Moreover, payers—both public and private—are increasingly seeing the appeal of this model. Under the gun to slow cost growth, they are looking for a solution, and the opportunity to offload financial risk is an added plus. Because of its fixed price and quality commitments, bundled payment provides a mechanism to accomplish both objectives; providers that exceed their budget or fail to deliver what they’ve committed to will bear the consequences (as they would in any other industry). Creating a predictable cost structure for a defined set of services with a desired outcome can also be a powerful mechanism for differentiation at the provider level.
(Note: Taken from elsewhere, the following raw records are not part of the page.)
lemma gram_mat_invertible:
  obtains X where "X \<in> carrier_mat (Suc n) (Suc n)"
    "X * gram_mat n a b = 1\<^sub>m (Suc n)" "gram_mat n a b * X = 1\<^sub>m (Suc n)"
proof (rule injective_mat_invertible[OF gram_mat_carrier])
  fix v :: "real vec"
  assume v: "v \<in> carrier_vec (Suc n)" and Gv: "gram_mat n a b *\<^sub>v v = 0\<^sub>v (Suc n)"
  have "(\<Sum>k\<le>n. gram n a b j k * v $ k) = 0" if j: "j \<le> n" for j
  proof -
    have "(gram_mat n a b *\<^sub>v v) $ j = (\<Sum>k\<in>{0..<Suc n}. gram n a b j k * v $ k)"
      using j v by (simp add: gram_mat_def scalar_prod_def)
    then show ?thesis using Gv j by (simp add: atLeast0LessThan lessThan_Suc_atMost)
  qed
  then have "v $ k = 0" if "k < Suc n" for k using gram_definite that by simp
  then show "v = 0\<^sub>v (Suc n)" using v by (intro eq_vecI) auto
qed

lemma biorthogonal_iff_left_inverse:
  "(\<forall>i\<le>n. \<forall>k\<le>n. jip a b (\<lambda>x. \<Sum>j\<le>n. c (int i) (int j) * bern n j x) (bern n k)
                    = (if i = k then 1 else 0))
   \<longleftrightarrow> coeff_mat n c * gram_mat n a b = 1\<^sub>m (Suc n)"
proof -
  have entry: "(coeff_mat n c * gram_mat n a b) $$ (i, k)
      = jip a b (\<lambda>x. \<Sum>j\<le>n. c (int i) (int j) * bern n j x) (bern n k)" if "i \<le> n" "k \<le> n" for i k
    using that mat_mult_entry[OF coeff_mat_carrier gram_mat_carrier, of i n k]
    by (simp add: jip_bern_expansion_basis coeff_mat_def gram_mat_def)
  show ?thesis
  proof
    assume "\<forall>i\<le>n. \<forall>k\<le>n. jip a b (\<lambda>x. \<Sum>j\<le>n. c (int i) (int j) * bern n j x) (bern n k)
                    = (if i = k then 1 else 0)"
    then show "coeff_mat n c * gram_mat n a b = 1\<^sub>m (Suc n)"
      using entry by (intro eq_matI) (auto simp: coeff_mat_def gram_mat_def)
  next
    assume "coeff_mat n c * gram_mat n a b = 1\<^sub>m (Suc n)"
    then show "\<forall>i\<le>n. \<forall>k\<le>n. jip a b (\<lambda>x. \<Sum>j\<le>n. c (int i) (int j) * bern n j x) (bern n k)
                    = (if i = k then 1 else 0)"
      using entry by (metis index_one_mat(1) le_imp_less_Suc)
  qed
qed

(* Dual coefficients exist: extend the entries of the inverse Gram matrix by zero. *)
lemma dual_spec_exists: "\<exists>c. dual_spec n a b c"
proof -
  obtain X where X: "X \<in> carrier_mat (Suc n) (Suc n)" and XG: "X * gram_mat n a b = 1\<^sub>m (Suc n)"
    by (rule gram_mat_invertible)
  define c where "c i j = (if 0 \<le> i \<and> i \<le> int n \<and> 0 \<le> j \<and> j \<le> int n then X $$ (nat i, nat j) else 0)"
    for i j
  have "coeff_mat n c = X"
    using X by (intro eq_matI) (auto simp: coeff_mat_def c_def)
  then have "dual_spec n a b c"
    unfolding dual_spec_def biorthogonal_iff_left_inverse using XG by (auto simp: c_def)
  then show ?thesis by blast
qed

(* Dual coefficients are unique, since a left inverse of the Gram matrix is unique. *)
lemma dual_spec_unique:
  assumes c: "dual_spec n a b c" and d: "dual_spec n a b d"
  shows "c = d"
proof -
  have CG: "coeff_mat n c * gram_mat n a b = 1\<^sub>m (Suc n)"
    and DG: "coeff_mat n d * gram_mat n a b = 1\<^sub>m (Suc n)"
    using c d unfolding dual_spec_def biorthogonal_iff_left_inverse by blast+
  have GD: "gram_mat n a b * coeff_mat n d = 1\<^sub>m (Suc n)"
    by (rule mat_mult_left_right_inverse[OF coeff_mat_carrier gram_mat_carrier DG])
  have "coeff_mat n c = coeff_mat n c * (gram_mat n a b * coeff_mat n d)"
    by (simp add: GD right_mult_one_mat[OF coeff_mat_carrier])
  also have "\<dots> = coeff_mat n d"
    using CG by (simp add: assoc_mult_mat[OF coeff_mat_carrier gram_mat_carrier coeff_mat_carrier, symmetric]
        left_mult_one_mat[OF coeff_mat_carrier])
  finally have mats: "coeff_mat n c = coeff_mat n d" .
  have inside: "c (int i) (int j) = d (int i) (int j)" if "i \<le> n" "j \<le> n" for i j
    using arg_cong[OF mats, of "\<lambda>M. M $$ (i, j)"] that by (simp add: coeff_mat_def)
  show "c = d"
  proof (intro ext)
    fix i j :: int
    show "c i j = d i j"
    proof (cases "0 \<le> i \<and> i \<le> int n \<and> 0 \<le> j \<and> j \<le> int n")
      case True
      then have "i = int (nat i)" "j = int (nat j)" "nat i \<le> n" "nat j \<le> n" by auto
      then show ?thesis using inside by metis
    next
      case False
      then show ?thesis using c d unfolding dual_spec_def by auto
    qed
  qed
qed

lemma dual_coeff_spec: "dual_spec n a b (dual_coeff n a b)"
  unfolding dual_coeff_THE using dual_spec_exists dual_spec_unique by (metis theI)

lemma dual_mat_inverse:
  shows "coeff_mat n (dual_coeff n a b) * gram_mat n a b = 1\<^sub>m (Suc n)"
    and "gram_mat n a b * coeff_mat n (dual_coeff n a b) = 1\<^sub>m (Suc n)"
proof -
  show left: "coeff_mat n (dual_coeff n a b) * gram_mat n a b = 1\<^sub>m (Suc n)"
    using dual_coeff_spec unfolding dual_spec_def biorthogonal_iff_left_inverse by blast
  show "gram_mat n a b * coeff_mat n (dual_coeff n a b) = 1\<^sub>m (Suc n)"
    by (rule mat_mult_left_right_inverse[OF coeff_mat_carrier gram_mat_carrier left])
qed

end

(* Coefficients of the recurrence; note rec_A n b n = 0 and rec_B n a 0 = 0. *)
definition rec_A :: "nat \<Rightarrow> real \<Rightarrow> real \<Rightarrow> real" where
  "rec_A n b h = (h - real n) * (h + b + 1)"

definition rec_B :: "nat \<Rightarrow> real \<Rightarrow> real \<Rightarrow> real" where
  "rec_B n a h = h * (h - real n - a - 1)"

definition rec_D :: "nat \<Rightarrow> real \<Rightarrow> real \<Rightarrow> real \<Rightarrow> real" where
  "rec_D n a b h = - 2 * h ^ 2 + (2 * real n + a - b) * h"

(* The tridiagonal matrix L: row k carries A(k-1), D(k), B(k+1) in columns k-1, k, k+1.
   It is the matrix of the Jacobi differential operator in the Bernstein basis. *)
definition jacobi_entry :: "nat \<Rightarrow> real \<Rightarrow> real \<Rightarrow> nat \<Rightarrow> nat \<Rightarrow> real" where
  "jacobi_entry n a b k l =
     (if l + 1 = k then rec_A n b (real l) else 0) + (if l = k + 1 then rec_B n a (real l) else 0)
     + (if l = k then rec_D n a b (real k) else 0)"

definition jacobi_mat :: "nat \<Rightarrow> real \<Rightarrow> real \<Rightarrow> real mat" where
  "jacobi_mat n a b = mat (Suc n) (Suc n) (\<lambda>(k, l). jacobi_entry n a b k l)"

(* The entry (k, m) of L G divided by C(n,k) C(n,m); it depends on m only through s = k + m. *)
definition jacobi_form :: "nat \<Rightarrow> real \<Rightarrow> real \<Rightarrow> nat \<Rightarrow> nat \<Rightarrow> real" where
  "jacobi_form n a b k s =
     - real k * (real k + b) * bern_moment n a b (s - 1) + rec_D n a b (real k) * bern_moment n a b s
     - real (n - k) * (real (n - k) + a) * bern_moment n a b (s + 1)"

lemma jacobi_mat_carrier: "jacobi_mat n a b \<in> carrier_mat (Suc n) (Suc n)"
  by (simp add: jacobi_mat_def)

lemma binomial_shift: "real (Suc k) * real (n choose Suc k) = real (n - k) * real (n choose k)"
proof -
  have "Suc k * (n choose Suc k) = (n - k) * (n choose k)"
    using binomial_absorption[of k n] binomial_absorb_comp[of n k] by simp
  then show ?thesis by (metis of_nat_mult)
qed

lemma sum_delta_below:
  "(\<Sum>l\<le>n. (if Suc l = k then f l else 0)) = (if 1 \<le> k \<and> k \<le> Suc n then f (k - 1) else (0::real))"
proof (cases k)
  case 0 then show ?thesis by simp
next
  case (Suc k')
  have "(\<Sum>l\<le>n. (if Suc l = k then f l else 0)) = (\<Sum>l\<le>n. (if l = k' then f l else 0))"
    using Suc by (intro sum.cong) auto
  then show ?thesis using Suc by (simp add: sum.delta')
qed

lemma rec_A_gram:
  assumes "1 \<le> k" "k \<le> n"
  shows "rec_A n b (real (k - 1)) * gram n a b (k - 1) m
           = - real k * (real k + b) * (real (n choose k) * real (n choose m)) * bern_moment n a b (k + m - 1)"
proof -
  obtain k' where k: "k = Suc k'" using assms(1) by (cases k) auto
  have "real (n - k') = real n - real k'" using assms k by (simp add: of_nat_diff)
  then have "rec_A n b (real k') * real (n choose k') = - (real k + b) * (real (n - k') * real (n choose k'))"
    unfolding rec_A_def k by (simp add: algebra_simps)
  also have "\<dots> = - real k * (real k + b) * real (n choose k)"
    unfolding k binomial_shift[symmetric] by (simp add: algebra_simps)
  finally have key: "rec_A n b (real k') * real (n choose k') = - real k * (real k + b) * real (n choose k)" .
  have "rec_A n b (real (k - 1)) * gram n a b (k - 1) m
      = (rec_A n b (real k') * real (n choose k')) * (real (n choose m) * bern_moment n a b (k' + m))"
    unfolding gram_def k by simp
  also have "\<dots> = - real k * (real k + b) * (real (n choose k) * real (n choose m)) * bern_moment n a b (k' + m)"
    unfolding key by simp
  finally show ?thesis using k by simp
qed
Looking beyond the short-term competitive appeal to payers, healthcare delivery organizations that wait too long to develop bundled pricing may not have a choice—bundled payment may become a competitive requirement, imposed by payers. So the decision facing providers today is whether they would rather build bundled prices on their own terms, or wait for payers to force bundled payments on them.
Finally, offering bundled prices for episodes of care will move the healthcare delivery system to a more consumer-oriented model. The customer of the future wants comparable evidence of health outcomes delivered for a set total price. As in any other market, the winning provider will have the best answer to “What am I getting for my money?”
So when providers develop a bundled price, what next? How can they make sure that their bundles are better than anyone else’s? The answer is that the care that’s offered has to be differentiated, delivering more value as defined by payers and consumers.
The market share winners in this environment will be those providers that can define and deliver on better health outcome metrics. And these metrics need to go beyond traditional mortality and morbidity measures. Competing with a bundled price requires considerable transparency of information, responsive to the needs of a more engaged, value-conscious consumer. It will also require providers to develop a better understanding of cost drivers within the boundaries of a bundle of care. Every unnecessary or suboptimal resource used means a hit to the bottom line when the organization is committed to a fixed price. Finally, it will require providers to routinely monitor utilization and outcomes, by diagnosis and by physician, with processes and infrastructure to address unnecessary variation. That is a step that is long overdue. Despite these challenges, bundled pricing offers a promising means to reform our healthcare delivery system, realigning incentives for better health outcomes at lower cost.
Michael N. Abrams, M.A. is managing partner, Numerof & Associates, Inc., St. Louis.
Rita E. Numerof, PhD, is president, Numerof & Associates, Inc., St. Louis.